We can eliminate the easy cases first. If we've never seen transfers initiated by this host, or the first transfer associated with this host occurs after the session triad we are checking has ended, we know no files have been transferred during that session.

If we can't eliminate the easy cases, we need to look through our lists of transfers. We check if each transfer made from the host in question occurred after the session started, but before the session ended. We skip to the next transfer if either of these conditions isn't true. We also avoid testing the other transfers for the host as soon as we've found a transfer that takes place after the session has ended. Remember we mentioned that all of the transfers are added to the data structure in chronological order? Here's where it pays off.

The last test we make before considering a transfer entry to be valid may look a little peculiar:

# if we've already used this entry
next unless (defined $$transfer[1]);  

If two anonymous FTP sessions from the same host overlap in time, we have no way of knowing which session is responsible for initiating a transfer of that file. There is simply no information from either of our logs that can help us make that determination. The best we can do in this case is make up a standard and keep to it. The standard here is "attribute the transfer to the first session possible." This test line above, and the subsequent undefing of the filename value as a flag, enforces that standard.

If this final test passes, we declare victory and add the filename to the list of files transferred in that session. The session and its accompanying file transfers are printed.

Read-remember-process programs that have to do this sort of correlation can get fairly sophisticated, especially when they are bringing together data sources where the correlation is a bit fuzzy. So in good Perl spirit, let's see if we can take an easier approach.

Black Boxes

In the Perl world, if you are trying to write something generally useful, another person may have beat you to it and published their code for the task. This gives you an opportunity to simply feed your data into their module in a prescribed way and receive results without having to know how the task was performed. This is often known as a "black box approach."

One example is the SyslogScan package by Rolf Harold Nelson. Earlier in this chapter we noted that parsing a mail log file from sendmail can be tricky because the lines are stateful. Each line often has one or more sibling lines interspersed with other lines later in the log. The SyslogScan package offers an easy way to refer to each mail delivery without having to manually scan the file and pair up all of the relevant lines. It can filter for certain addresses and keep track of some rudimentary statistics for the messages it has seen.

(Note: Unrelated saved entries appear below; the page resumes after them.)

(* Fix an initial exchange matrix $B^0$ and initial coefficients $p_1,\dots,p_n\in\mathbb P$ at the vertex $v_0$, and let $\mathcal S=\mathbb{Q}\mathbb{P}_{\mathrm{sf}}(y_1,\dots,y_n)$. Then for every vertex $v\in\mathbb T^n$ and every $j\in[1,n]$, $$\widetilde Y_{j;v}=\frac{Y^{\mathcal S}_{j;v}(p_1y_1,\dots,p_ny_n)}{p_{j;v}},$$ where $Y^{\mathcal S}_{j;v}(p_1y_1,\dots,p_ny_n)$ denotes the image of $Y_{j;v}\in\mathbb Q_{\mathrm{sf}}(y_1,\dots,y_n)$ under the unique semifield morphism $\mathbb Q_{\mathrm{sf}}(y_1,\dots,y_n)\to\mathcal S$ sending $y_i\mapsto p_iy_i$.
   Context: A semifield $(\mathbb P,\oplus,\cdot,1)$ satisfies the field axioms except that the auxiliary addition $\oplus$ need not have a neutral element or inverses. For $p\in\mathbb P$ set $p^+=p/(p\oplus 1)$, $p^-=1/(p\oplus1)$, and for $x\in\mathbb R$: $p^{[\![x]\!]}=p^-$ if $x<0$, $=1$ if $x=0$, $=p^+$ if $x>0$. For a set $S$, the universal semifield $\mathbb Q_{\mathrm{sf}}(S)\subset\mathbb Q(S)$ consists of rational functions expressible as ratios of polynomials in $S$ with positive integer coefficients; for any semifield $\mathbb P'$ and any map $S\to\mathbb P'$ there is a unique semifield morphism $\mathbb Q_{\mathrm{sf}}(S)\to\mathbb P'$ extending it, and the image of $f$ under the morphism $s_i\mapsto q_i$ is written $f^{\mathbb P'}(q_1,\dots)$. For a semifield $\mathbb P$, $\mathbb Z\mathbb P$ is the group ring (a domain), $\mathbb Q\mathbb P$ its fraction field, and $\mathbb Q\mathbb P_{\mathrm{sf}}(u_1,\dots,u_n)\subset\mathbb Q\mathbb P(u_1,\dots,u_n)$ the semifield of rational functions $f/g$ with $f,g$ nonzero polynomials in the $u_i$ whose coefficients are nonnegative integer combinations of elements of $\mathbb P$ (with ordinary $+$ and $\cdot$). Matrix mutation in direction $k$ of a skew-symmetrizable $B=(b_{ij})$: $b'_{ij}=-b_{ij}$ if $i=k$ or $j=k$, else $b'_{ij}=b_{ij}+\operatorname{sgn}(b_{ik})[b_{ik}b_{kj}]_+$, with $[x]_+=\max(x,0)$. A $Y$-seed $(\mathbf y,B)$ in a semifield mutates in direction $k$ to $(\mathbf y',B')$ with $y'_k=y_k^{-1}$ and $y'_j=y_j(1\oplus y_k^{-\operatorname{sgn}(b_{kj})})^{-b_{kj}}$ for $j\ne k$. A labeled $Y$-seed with coefficients is a triple $(\mathbf y,\mathbf p,B)$ with $(\mathbf p,B)$ a $Y$-seed in $\mathbb P$ and $(\mathbf y,B)$ a $Y$-seed in some $\mathbb Q\mathbb P_{\mathrm{sf}}(u_1,\dots,u_n)$; its mutation in direction $k$ is $(\mathbf y',\mathbf p',B')$ where $(\mathbf p',B')$ is the $Y$-seed mutation of $(\mathbf p,B)$, $y'_k=y_k^{-1}$, and for $j\neq k$: $y'_j=y_j\big(p_k^{[\![b_{kj}]\!]}+p_k^{[\![-b_{kj}]\!]}y_k^{-\operatorname{sgn}(b_{kj})}\big)^{-b_{kj}}$ (ordinary addition). $\mathbb T^n$ is the $n$-regular tree with edges labeled by $[1,n]$ so that edges at a vertex have distinct labels, with initial vertex $v_0$; a ($Y$-)pattern is an assignment of seeds to vertices such that seeds at vertices joined by an edge labeled $k$ are related by mutation in direction $k$. $Y_{j;v}\in\mathbb Q_{\mathrm{sf}}(y_1,\dots,y_n)$ are the components of the $Y$-pattern $v\mapsto((Y_{1;v},\dots,Y_{n;v}),B_v)$ with initial seed $((y_1,\dots,y_n),B^0)$ at $v_0$; $\widetilde Y_{j;v}\in\mathbb Q\mathbb P_{\mathrm{sf}}(y_1,\dots,y_n)$ and $p_{j;v}\in\mathbb P$ are the components of the $Y$-pattern with coefficients $v\mapsto((\widetilde Y_{1;v},\dots,\widetilde Y_{n;v}),(p_{1;v},\dots,p_{n;v}),B_v)$ with initial seed $((y_1,\dots,y_n),(p_1,\dots,p_n),B^0)$ at $v_0$. *)

theory Defs
  imports Main "HOL-Library.Poly_Mapping"
begin

text \<open>No neutral element or inverses for sfadd.\<close>

class semifield = comm_monoid_mult + inverse +
  fixes sfadd :: "'a \<Rightarrow> 'a \<Rightarrow> 'a" (infixl "\<oplus>" 65)
  assumes sf_left_inverse: "inverse a * a = 1"
    and sf_divide: "a / b = a * inverse b"
    and sfadd_assoc: "(a \<oplus> b) \<oplus> c = a \<oplus> (b \<oplus> c)"
    and sfadd_comm: "a \<oplus> b = b \<oplus> a"
    and sf_distrib: "a * (b \<oplus> c) = a * b \<oplus> a * c"

definition spow :: "'a::semifield \<Rightarrow> int \<Rightarrow> 'a" where
  "spow x k = (if 0 \<le> k then x ^ nat k else inverse x ^ nat (- k))"

definition pplus :: "'a::semifield \<Rightarrow> 'a" where "pplus p = p / (p \<oplus> 1)"
definition pminus :: "'a::semifield \<Rightarrow> 'a" where "pminus p = 1 / (p \<oplus> 1)"

definition pbr :: "'a::semifield \<Rightarrow> int \<Rightarrow> 'a" where
  "pbr p x = (if x < 0 then pminus p else if x = 0 then 1 else pplus p)"

text \<open>Wrapper writing the multiplicative group of P additively, so that the
 finitely supported int-valued functions on mg with Poly_Mapping's convolution product is the group ring ZP.\<close>
datatype 'p mg = MG 'p

instantiation mg :: (semifield) comm_monoid_add
begin
fun plus_mg :: "'a mg \<Rightarrow> 'a mg \<Rightarrow> 'a mg" where
  "plus_mg (MG a) (MG b) = MG (a * b)"
definition zero_mg :: "'a mg" where "zero_mg = MG 1"
instance
proof
  fix a b c :: "'a mg"
  show "a + b + c = a + (b + c)"
    by (cases a; cases b; cases c) (simp add: mult.assoc)
  show "a + b = b + a"
    by (cases a; cases b) (simp add: mult.commute)
  show "0 + a = a"
    by (cases a) (simp add: zero_mg_def)
qed
end

type_synonym 'p ZP = "'p mg \<Rightarrow>\<^sub>0 int"
text \<open>Polynomials in y_0, y_1, ... with coefficients in ZP (keys are exponent vectors).\<close>
type_synonym 'p ZPy = "(nat \<Rightarrow>\<^sub>0 nat) \<Rightarrow>\<^sub>0 'p ZP"

definition cP :: "'p::semifield \<Rightarrow> 'p ZPy" where
  "cP p = Poly_Mapping.single 0 (Poly_Mapping.single (MG p) 1)"

definition yv :: "nat \<Rightarrow> 'p::semifield ZPy" where
  "yv i = Poly_Mapping.single (Poly_Mapping.single i 1) 1"

text \<open>ZP[y] is a domain, so QP(y) = Frac(ZP[y]); a fraction is a pair (num, den)
 and equality in the fraction field is cross-multiplication.\<close>
type_synonym 'p frac = "'p ZPy \<times> 'p ZPy"

definition feq :: "'p::semifield frac \<Rightarrow> 'p frac \<Rightarrow> bool" where
  "feq a b \<longleftrightarrow> fst a * snd b = fst b * snd a"

definition fadd :: "'p::semifield frac \<Rightarrow> 'p frac \<Rightarrow> 'p frac" where
  "fadd a b = (fst a * snd b + fst b * snd a, snd a * snd b)"
definition fmul :: "'p::semifield frac \<Rightarrow> 'p frac \<Rightarrow> 'p frac" where
  "fmul a b = (fst a * fst b, snd a * snd b)"
definition finv :: "'p::semifield frac \<Rightarrow> 'p frac" where
  "finv a = (snd a, fst a)"
definition fone :: "'p::semifield frac" where
  "fone = (1, 1)"
definition fconst :: "'p::semifield ZPy \<Rightarrow> 'p frac" where
  "fconst f = (f, 1)"

fun fnpow :: "'p::semifield frac \<Rightarrow> nat \<Rightarrow> 'p frac" where
  "fnpow a 0 = fone"
| "fnpow a (Suc m) = fmul a (fnpow a m)"

definition fpow :: "'p::semifield frac \<Rightarrow> int \<Rightarrow> 'p frac" where
  "fpow a k = (if 0 \<le> k then fnpow a (nat k) else fnpow (finv a) (nat (- k)))"

text \<open>Elements of Q_sf(y_0,y_1,...) are represented by subtraction-free expressions;
 the unique semifield morphism to a semifield sends the element denoted by an
 expression to the evaluation of that expression.\<close>
datatype sfe = SVar nat | SOne | SAdd sfe sfe | SMul sfe sfe | SInv sfe

fun snpow :: "sfe \<Rightarrow> nat \<Rightarrow> sfe" where
  "snpow e 0 = SOne"
| "snpow e (Suc m) = SMul e (snpow e m)"

definition sepow :: "sfe \<Rightarrow> int \<Rightarrow> sfe" where
  "sepow e k = (if 0 \<le> k then snpow e (nat k) else snpow (SInv e) (nat (- k)))"

text \<open>Evaluation in S = QP_sf(y) (auxiliary addition of S = ordinary addition).\<close>
fun evalS :: "(nat \<Rightarrow> 'p::semifield frac) \<Rightarrow> sfe \<Rightarrow> 'p frac" where
  "evalS \<rho> (SVar i) = \<rho> i"
| "evalS \<rho> SOne = fone"
| "evalS \<rho> (SAdd a b) = fadd (evalS \<rho> a) (evalS \<rho> b)"
| "evalS \<rho> (SMul a b) = fmul (evalS \<rho> a) (evalS \<rho> b)"
| "evalS \<rho> (SInv a) = finv (evalS \<rho> a)"

type_synonym exmat = "nat \<Rightarrow> nat \<Rightarrow> int"

definition bmut :: "nat \<Rightarrow> exmat \<Rightarrow> exmat" where
  "bmut k B i j = (if i = k \<or> j = k then - B i j
     else B i j + sgn (B i k) * max (B i k * B k j) 0)"

definition skew_symmetrizable :: "nat \<Rightarrow> exmat \<Rightarrow> bool" where
  "skew_symmetrizable n B \<longleftrightarrow>
     (\<exists>d::nat \<Rightarrow> int. (\<forall>i<n. 0 < d i) \<and> (\<forall>i<n. \<forall>j<n. d i * B i j = - (d j * B j i)))"

definition ymut_sf :: "nat \<Rightarrow> (nat \<Rightarrow> sfe) \<times> exmat \<Rightarrow> (nat \<Rightarrow> sfe) \<times> exmat" where
  "ymut_sf k s = (let y = fst s; B = snd s in
     ((\<lambda>j. if j = k then SInv (y k)
           else SMul (y j) (sepow (SAdd SOne (sepow (y k) (- sgn (B k j)))) (- B k j))),
      bmut k B))"

definition ymut_P :: "nat \<Rightarrow> (nat \<Rightarrow> 'p::semifield) \<times> exmat \<Rightarrow> (nat \<Rightarrow> 'p) \<times> exmat" where
  "ymut_P k s = (let y = fst s; B = snd s in
     ((\<lambda>j. if j = k then inverse (y k)
           else y j * spow (1 \<oplus> spow (y k) (- sgn (B k j))) (- B k j)),
      bmut k B))"

definition ymut_coef :: "nat \<Rightarrow> (nat \<Rightarrow> 'p::semifield frac) \<times> (nat \<Rightarrow> 'p) \<times> exmat
    \<Rightarrow> (nat \<Rightarrow> 'p frac) \<times> (nat \<Rightarrow> 'p) \<times> exmat" where
  "ymut_coef k s = (let y = fst s; p = fst (snd s); B = snd (snd s) in
     ((\<lambda>j. if j = k then finv (y k)
           else fmul (y j)
             (fpow (fadd (fconst (cP (pbr (p k) (B k j))))
                         (fmul (fconst (cP (pbr (p k) (- B k j)))) (fpow (y k) (- sgn (B k j)))))
                   (- B k j))),
      ymut_P k (p, B)))"

text \<open>Vertices of T^n correspond to reduced words (no two consecutive equal labels)
 in labels 0..n-1: the label sequence of the unique path from v0.\<close>
definition tree_vertex :: "nat \<Rightarrow> nat list \<Rightarrow> bool" where
  "tree_vertex n ks \<longleftrightarrow> set ks \<subseteq> {..<n} \<and> (\<forall>i. Suc i < length ks \<longrightarrow> ks ! i \<noteq> ks ! Suc i)"

definition Y_sf :: "exmat \<Rightarrow> nat list \<Rightarrow> nat \<Rightarrow> sfe" where
  "Y_sf B0 ks j = fst (fold ymut_sf ks (SVar, B0)) j"

definition coef_seed :: "exmat \<Rightarrow> (nat \<Rightarrow> 'p::semifield) \<Rightarrow> nat list
    \<Rightarrow> (nat \<Rightarrow> 'p frac) \<times> (nat \<Rightarrow> 'p) \<times> exmat" where
  "coef_seed B0 p0 ks = fold ymut_coef ks ((\<lambda>i. fconst (yv i)), p0, B0)"

definition Ytilde :: "exmat \<Rightarrow> (nat \<Rightarrow> 'p::semifield) \<Rightarrow> nat list \<Rightarrow> nat \<Rightarrow> 'p frac" where
  "Ytilde B0 p0 ks j = fst (coef_seed B0 p0 ks) j"

definition pcoef :: "exmat \<Rightarrow> (nat \<Rightarrow> 'p::semifield) \<Rightarrow> nat list \<Rightarrow> nat \<Rightarrow> 'p" where
  "pcoef B0 p0 ks j = fst (snd (coef_seed B0 p0 ks)) j"

end

theory Submission
  imports Defs
begin

text \<open>
  Call a fraction a a rescaling of b / c if the numerator and denominator of a are those of
  b / c multiplied by one common factor. Along every sequence of mutations each Ytilde_j is a
  rescaling of Y_j(p_1 y_1, ...) / p_j. Initially Ytilde_j = y_j = (p_j y_j) / p_j, and inverses
  and products preserve rescalings. The only computation is the binomial of the mutation rule:
  if Ytilde_k rescales Y / p, then p^+ + p^- Ytilde_k^-1 rescales (1 + Y^-1) / (1 \<oplus> p^-1) since
  p^+ (1 \<oplus> p^-1) = 1, and p^- + p^+ Ytilde_k rescales (1 + Y) / (1 \<oplus> p) since p^- (1 \<oplus> p) = 1;
  these denominators are exactly the factors by which the coefficient p_j changes.
\<close>

lemma sf_right_inverse: "(a::'a::semifield) * inverse a = 1"
  using sf_left_inverse[of a] by (simp add: mult.commute)

lemma pplus_eq_mult_pminus: "pplus q = q * pminus (q::'a::semifield)"
  by (simp add: pplus_def pminus_def sf_divide)

lemma pminus_mult_one_sfadd: "pminus q * (1 \<oplus> q) = (1::'a::semifield)"
  by (simp add: pminus_def sf_divide sfadd_comm sf_left_inverse)

lemma pplus_mult_one_sfadd_inverse: "pplus q * (1 \<oplus> inverse q) = (1::'a::semifield)"
proof -
  have "q * (1 \<oplus> inverse q) = 1 \<oplus> q"
    by (simp add: sf_distrib sf_right_inverse sfadd_comm)
  then have "pplus q * (1 \<oplus> inverse q) = pminus q * (1 \<oplus> q)"
    by (metis pplus_eq_mult_pminus mult.assoc mult.commute)
  then show ?thesis
    by (simp add: pminus_mult_one_sfadd)
qed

SyslogScan is object-oriented, so the first step is to load the module and create a new object instance:

use SyslogScan::DeliveryIterator;
# a list of mail syslog files
$maillogs = ["/var/log/mail/maillog"]; 
$iterator = new SyslogScan::DeliveryIterator(syslogList => $maillogs);

The new method of SyslogScan::DeliveryIterator returns an iterator, essentially a pointer into the file that shuttles forward message delivery by message delivery. By using an iterator, we are spared from the actual work of scanning ahead in the file looking for all of the lines related to a particular message. If we call the next( ) method of that iterator, it will hand us back a delivery object. This object encapsulates the information about that delivery previously spread over several lines in the log. For example, this code:

while ($delivery = $iterator -> next(  )){
    print $delivery->{Sender}." -> ".

prints out information like: -> -> ->

It gets even snazzier. If we feed a SyslogScan iterator object to the new method of the SyslogScan::Summary module, new will take all of the output from that iterator's next method and return a summary object. This summary object contains usage summaries for all of the delivery objects that iterator could possible return.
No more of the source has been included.